With her hand on the doorknob, she stopped and listened. But, no. There was no need to seek him. He was climbing the stairs, for she could hear him on the landing, and then he was coming down the hall carpet toward his room. She waited for the sound of his bedroom door, opening and closing.
It did not come. He had walked past his room, for she had been unconsciously counting the steps and imagining him as he walked.
And then he stopped, just on the other side of her door.
She waited for the knock, but none came. Perhaps he would call out to her, to see if she was asleep, though he must know she was not, for the light of her lamp would be visible under the door.

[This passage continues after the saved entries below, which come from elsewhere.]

(* Let $G$ be a finite simple graph with a perfect matching $M$ and let $\mathcal{C}$ be an optimal edge $2$-colouring of $G$. Let $\mathcal{C}_M$ be the set of colours used on edges of $M$. For each $j\in\mathcal{C}_M$ let $S_j\subseteq V(G)$ be an $M$-monochromatic set such that the edges of $M$ incident with vertices of $S_j$ are coloured $j$. Then $$|\mathcal{C}_M|\le |M|-\sum_{j\in\mathcal{C}_M}\mathrm{rp}(S_j).$$
   Context: An edge $2$-colouring assigns colours to edges (not necessarily properly) so that each vertex sees at most $2$ distinct colours; optimal means it uses the maximum number of colours. A set $S\subseteq V(G)$ is $M$-monochromatic if all edges of $M$ incident with vertices of $S$ have the same colour. $i(S;M)$ denotes the number of edges of $M$ incident with a vertex of $S$, and the repetition content of an $M$-monochromatic set $S$ is $\mathrm{rp}(S):=i(S;M)-1$. *)

theory Defs
  imports Main
begin

definition simple_graph :: "'a set \<Rightarrow> 'a set set \<Rightarrow> bool" where
  "simple_graph V E \<longleftrightarrow> finite V \<and>
     (\<forall>e\<in>E. \<exists>u v. e = {u, v} \<and> u \<noteq> v \<and> u \<in> V \<and> v \<in> V)"

definition perfect_matching :: "'a set \<Rightarrow> 'a set set \<Rightarrow> 'a set set \<Rightarrow> bool" where
  "perfect_matching V E M \<longleftrightarrow> M \<subseteq> E \<and> (\<forall>v\<in>V. \<exists>!e. e \<in> M \<and> v \<in> e)"

definition edge_2_colouring :: "'a set \<Rightarrow> 'a set set \<Rightarrow> ('a set \<Rightarrow> 'c) \<Rightarrow> bool" where
  "edge_2_colouring V E c \<longleftrightarrow> (\<forall>v\<in>V. card (c ` {e \<in> E. v \<in> e}) \<le> 2)"

text \<open>Optimal: uses the maximum number of colours over all edge 2-colourings
  (competitors use natural-number colours, which loses no generality since E is finite).\<close>
definition optimal_edge_2_colouring :: "'a set \<Rightarrow> 'a set set \<Rightarrow> ('a set \<Rightarrow> 'c) \<Rightarrow> bool" where
  "optimal_edge_2_colouring V E c \<longleftrightarrow> edge_2_colouring V E c \<and>
     (\<forall>c' :: 'a set \<Rightarrow> nat. edge_2_colouring V E c' \<longrightarrow> card (c' ` E) \<le> card (c ` E))"

definition inc :: "'a set \<Rightarrow> 'a set set \<Rightarrow> nat" where
  "inc S M = card {e \<in> M. e \<inter> S \<noteq> {}}"

definition M_mono_col :: "'a set set \<Rightarrow> ('a set \<Rightarrow> 'c) \<Rightarrow> 'c \<Rightarrow> 'a set \<Rightarrow> bool" where
  "M_mono_col M c j S \<longleftrightarrow> (\<forall>e\<in>M. e \<inter> S \<noteq> {} \<longrightarrow> c e = j)"

definition rp :: "'a set set \<Rightarrow> 'a set \<Rightarrow> int" where
  "rp M S = int (inc S M) - 1"

end

theory Submission
  imports Defs
begin

text \<open>The sets of \<open>M\<close>-edges incident with \<open>S\<^sub>j\<close> are pairwise disjoint, since an edge in two
  of them would carry two colours. Hence the \<open>i(S\<^sub>j; M)\<close> sum to at most \<open>|M|\<close>, and subtracting
  one for each colour of \<open>\<C>\<^sub>M\<close> gives the bound.\<close>

lemma finite_matching:
  assumes "simple_graph V E" and "perfect_matching V E M"
  shows "finite M"
proof -
  have "E \<subseteq> Pow V" "finite V"
    using assms(1) by (auto simp: simple_graph_def)
  then have "finite E"
    by (meson finite_Pow_iff finite_subset)
  then show ?thesis
    using assms(2) finite_subset by (auto simp: perfect_matching_def)
qed

lemma M_mono_col_incident_disjoint:
  assumes "M_mono_col M c i S" and "M_mono_col M c j T" and "i \<noteq> j"
  shows "{e \<in> M. e \<inter> S \<noteq> {}} \<inter> {e \<in> M. e \<inter> T \<noteq> {}} = {}"
  using assms by (auto simp: M_mono_col_def)

lemma sum_inc_M_mono_col_le_card:
  assumes "finite M" and "finite J" and "\<forall>j\<in>J. M_mono_col M c j (S j)"
  shows "(\<Sum>j\<in>J. inc (S j) M) \<le> card M"
proof -
  define A where "A j = {e \<in> M. e \<inter> S j \<noteq> {}}" for j
  have "(\<Sum>j\<in>J. inc (S j) M) = (\<Sum>j\<in>J. card (A j))"
    by (simp add: inc_def A_def)
  also have "\<dots> = card (\<Union>j\<in>J. A j)"
    using assms unfolding A_def
    by (intro card_UN_disjoint [symmetric] ballI impI M_mono_col_incident_disjoint) auto
  also have "\<dots> \<le> card M"
    using assms(1) by (intro card_mono) (auto simp: A_def)
  finally show ?thesis .
qed

lemma sum_rp_eq:
  assumes "finite J"
  shows "(\<Sum>j\<in>J. rp M (S j)) = int (\<Sum>j\<in>J. inc (S j) M) - int (card J)"
  using assms by (simp add: rp_def sum_subtractf)

theorem lemma7:
  fixes V :: "'a set" and E M :: "'a set set" and c :: "'a set \<Rightarrow> 'c"
    and S :: "'c \<Rightarrow> 'a set"
  assumes "simple_graph V E"
    and "perfect_matching V E M"
    and "optimal_edge_2_colouring V E c"
    and "\<forall>j\<in>c ` M. S j \<subseteq> V \<and> M_mono_col M c j (S j)"
  shows "int (card (c ` M)) \<le> int (card M) - (\<Sum>j\<in>c ` M. rp M (S j))"
proof -
  have "finite M"
    using assms(1,2) by (rule finite_matching)
  then have "(\<Sum>j\<in>c ` M. inc (S j) M) \<le> card M"
    using assms(4) by (intro sum_inc_M_mono_col_le_card) auto
  moreover have "(\<Sum>j\<in>c ` M. rp M (S j)) = int (\<Sum>j\<in>c ` M. inc (S j) M) - int (card (c ` M))"
    using \<open>finite M\<close> by (intro sum_rp_eq) simp
  ultimately show ?thesis
    by linarith
qed

end
lemma pc_cycle_of_edge:
  assumes "dense_graph V dym_adjacent" and S: "\<And>x y. dym_adjacent x y \<Longrightarrow> colours x y = S"
    and "x \<in> V" and "y \<in> V" and "x \<noteq> y" and "e \<in> edges_between E ends x y"
    and "\<exists>\<alpha>\<in>S. \<exists>\<beta>\<in>S. \<alpha> \<noteq> \<beta> \<and> \<alpha> \<noteq> phi e \<and> \<beta> \<noteq> phi e"
  shows "has_pc_hamiltonian_cycle V E ends phi"
proof -
  interpret dense_graph V dym_adjacent by fact
  obtain P where P: "hamiltonian_path V dym_adjacent P" "hd P = y" "last P = x"
    using hamiltonian_connected \<open>x \<in> V\<close> \<open>y \<in> V\<close> \<open>x \<noteq> y\<close> by metis
  have "3 \<le> length P"
    using P(1) three_le_card_V[OF \<open>x \<in> V\<close>] distinct_card[of P] by (auto simp: hamiltonian_path_def)
  obtain W where W: "P = W @ [x]"
    using P(3) \<open>3 \<le> length P\<close> append_butlast_last_id[of P] by (metis list.size(3) not_numeral_le_zero)
  with \<open>3 \<le> length P\<close> have "W \<noteq> []" by auto
  with P(2) W have "hd W = y" by simp
  have "dym_adjacent (last W) x"
    using P(1) \<open>W \<noteq> []\<close> unfolding W hamiltonian_path_def successively_append_iff by simp
  then have "colours (last W) x = S" by (rule S)
  with P(1) \<open>W \<noteq> []\<close> \<open>hd W = y\<close> assms(6,7) show ?thesis
    using pc_cycle_of_path[of W x e] by (simp add: W edges_between_commute)
qed

lemma edge_avoiding_two_colours:
  assumes G: "colored_multigraph V E ends phi c"
    and three_colors: "\<exists>x\<in>V. \<exists>e1\<in>E. \<exists>e2\<in>E. \<exists>e3\<in>E.
                          x \<in> ends e1 \<and> x \<in> ends e2 \<and> x \<in> ends e3 \<and>
                          phi e1 \<noteq> phi e2 \<and> phi e1 \<noteq> phi e3 \<and> phi e2 \<noteq> phi e3"
    and S: "\<And>x y. dym_adjacent x y \<Longrightarrow> colours x y = S" and "dym_adjacent x0 y0"
  shows "\<exists>x\<in>V. \<exists>y\<in>V. \<exists>e\<in>edges_between E ends x y.
           x \<noteq> y \<and> (\<exists>\<alpha>\<in>S. \<exists>\<beta>\<in>S. \<alpha> \<noteq> \<beta> \<and> \<alpha> \<noteq> phi e \<and> \<beta> \<noteq> phi e)"
proof -
  have ends: "ends e \<subseteq> V" "card (ends e) = 2" if "e \<in> E" for e
    using G that by (auto simp: colored_multigraph_def)
  have edge: "\<exists>y. x \<noteq> y \<and> e \<in> edges_between E ends x y" if "e \<in> E" "x \<in> ends e" for e x
    using ends(2)[OF that(1)] that by (auto simp: card_2_iff edges_between_def insert_commute)
  obtain \<alpha> \<beta> where "\<alpha> \<in> S" "\<beta> \<in> S" "\<alpha> \<noteq> \<beta>"
    using dym_adjacent_two_colours[OF \<open>dym_adjacent x0 y0\<close>] S[OF \<open>dym_adjacent x0 y0\<close>] by blast
  obtain x y e where "x \<noteq> y" and e: "e \<in> edges_between E ends x y"
    and "(\<exists>\<gamma>\<in>S. \<gamma> \<noteq> \<alpha> \<and> \<gamma> \<noteq> \<beta>) \<or> phi e \<notin> S"
  proof (cases "\<exists>\<gamma>\<in>S. \<gamma> \<noteq> \<alpha> \<and> \<gamma> \<noteq> \<beta>")
    case True
    obtain e where "e \<in> edges_between E ends x0 y0"
      using \<open>dym_adjacent x0 y0\<close> by (auto simp: dym_adjacent_def)
    then have "e \<in> E" "x0 \<in> ends e" by (simp_all add: edges_between_def)
    with edge True that show ?thesis by blast
  next
    case False
    obtain x e1 e2 e3 where "e1 \<in> E" "e2 \<in> E" "e3 \<in> E" "x \<in> ends e1" "x \<in> ends e2" "x \<in> ends e3"
      "phi e1 \<noteq> phi e2" "phi e1 \<noteq> phi e3" "phi e2 \<noteq> phi e3"
      using three_colors by blast
    with False obtain e where "e \<in> E" "x \<in> ends e" "phi e \<notin> S" by metis
    with edge that show ?thesis by blast
  qed
  moreover have "x \<in> V" "y \<in> V" using e ends(1) by (auto simp: edges_between_def)
  ultimately show ?thesis
    using two_elements_avoiding[OF \<open>\<alpha> \<in> S\<close> \<open>\<beta> \<in> S\<close> \<open>\<alpha> \<noteq> \<beta>\<close>] by blast
qed

end

theorem mainTheorem11:
  fixes V :: "'a set" and E :: "'e set" and ends :: "'e \<Rightarrow> 'a set"
    and phi :: "'e \<Rightarrow> nat" and c :: nat
  assumes G: "colored_multigraph V E ends phi c"
    and two_colors: "\<forall>x\<in>V. \<exists>e\<in>E. \<exists>f\<in>E. x \<in> ends e \<and> x \<in> ends f \<and> phi e \<noteq> phi f"
    and dym: "\<forall>x\<in>V. 2 * delta_dym V E ends phi x \<ge> card V + 1"
    and three_colors: "\<exists>x\<in>V. \<exists>e1\<in>E. \<exists>e2\<in>E. \<exists>e3\<in>E.
                          x \<in> ends e1 \<and> x \<in> ends e2 \<and> x \<in> ends e3 \<and>
                          phi e1 \<noteq> phi e2 \<and> phi e1 \<noteq> phi e3 \<and> phi e2 \<noteq> phi e3"
  shows "has_pc_hamiltonian_cycle V E ends phi"
proof (rule ccontr)
  assume no_pc: "\<not> has_pc_hamiltonian_cycle V E ends phi"
  interpret edge_colouring V E ends phi .
  have dense: "dense_graph V dym_adjacent"
    using dense_graph_dym_adjacent[OF G] dym by simp
  then interpret dense_graph V dym_adjacent .
  obtain x0 y0 where "dym_adjacent x0 y0"
    using three_colors ex_adjacent by blast
  obtain S where S: "\<And>x y. dym_adjacent x y \<Longrightarrow> colours x y = S"
    using common_colours[OF dense no_pc] by blast
  obtain x y e where "x \<in> V" "y \<in> V" "x \<noteq> y" "e \<in> edges_between E ends x y"
    and "\<exists>\<alpha>\<in>S. \<exists>\<beta>\<in>S. \<alpha> \<noteq> \<beta> \<and> \<alpha> \<noteq> phi e \<and> \<beta> \<noteq> phi e"
    using edge_avoiding_two_colours[OF G three_colors S \<open>dym_adjacent x0 y0\<close>] by blast
  with dense S no_pc show False using pc_cycle_of_edge by blast
qed

end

If she were a brave woman, she would simply open the door and go after the cup of tea she had been imagining. Then she could pretend to be surprised to see him, and inquire what it was that he wanted. She might even step into the hall, and collide with his body, allowing him to reach out a hand to steady her. Perhaps he would laugh, and she would neglect to step away, and she would know if he merely wished to continue their discussion, or if there was some other purpose for his visit.
But she was not a brave woman, and she was foolish to think such things, since they made no sense at all. There was a perfectly logical explanation for his being there, which he would no doubt tell her in the morning at breakfast. If she waited, she could save herself the embarrassment of making too big a thing out of something so small.
But all the same, she kissed the palm of her hand, and then silently pressed it to the panel of the door, holding it very near where the cheek of a tall man might be.
Then she heard his body shift, and his steps retreating down the hall, and the opening and closing of the bedroom door beside her own.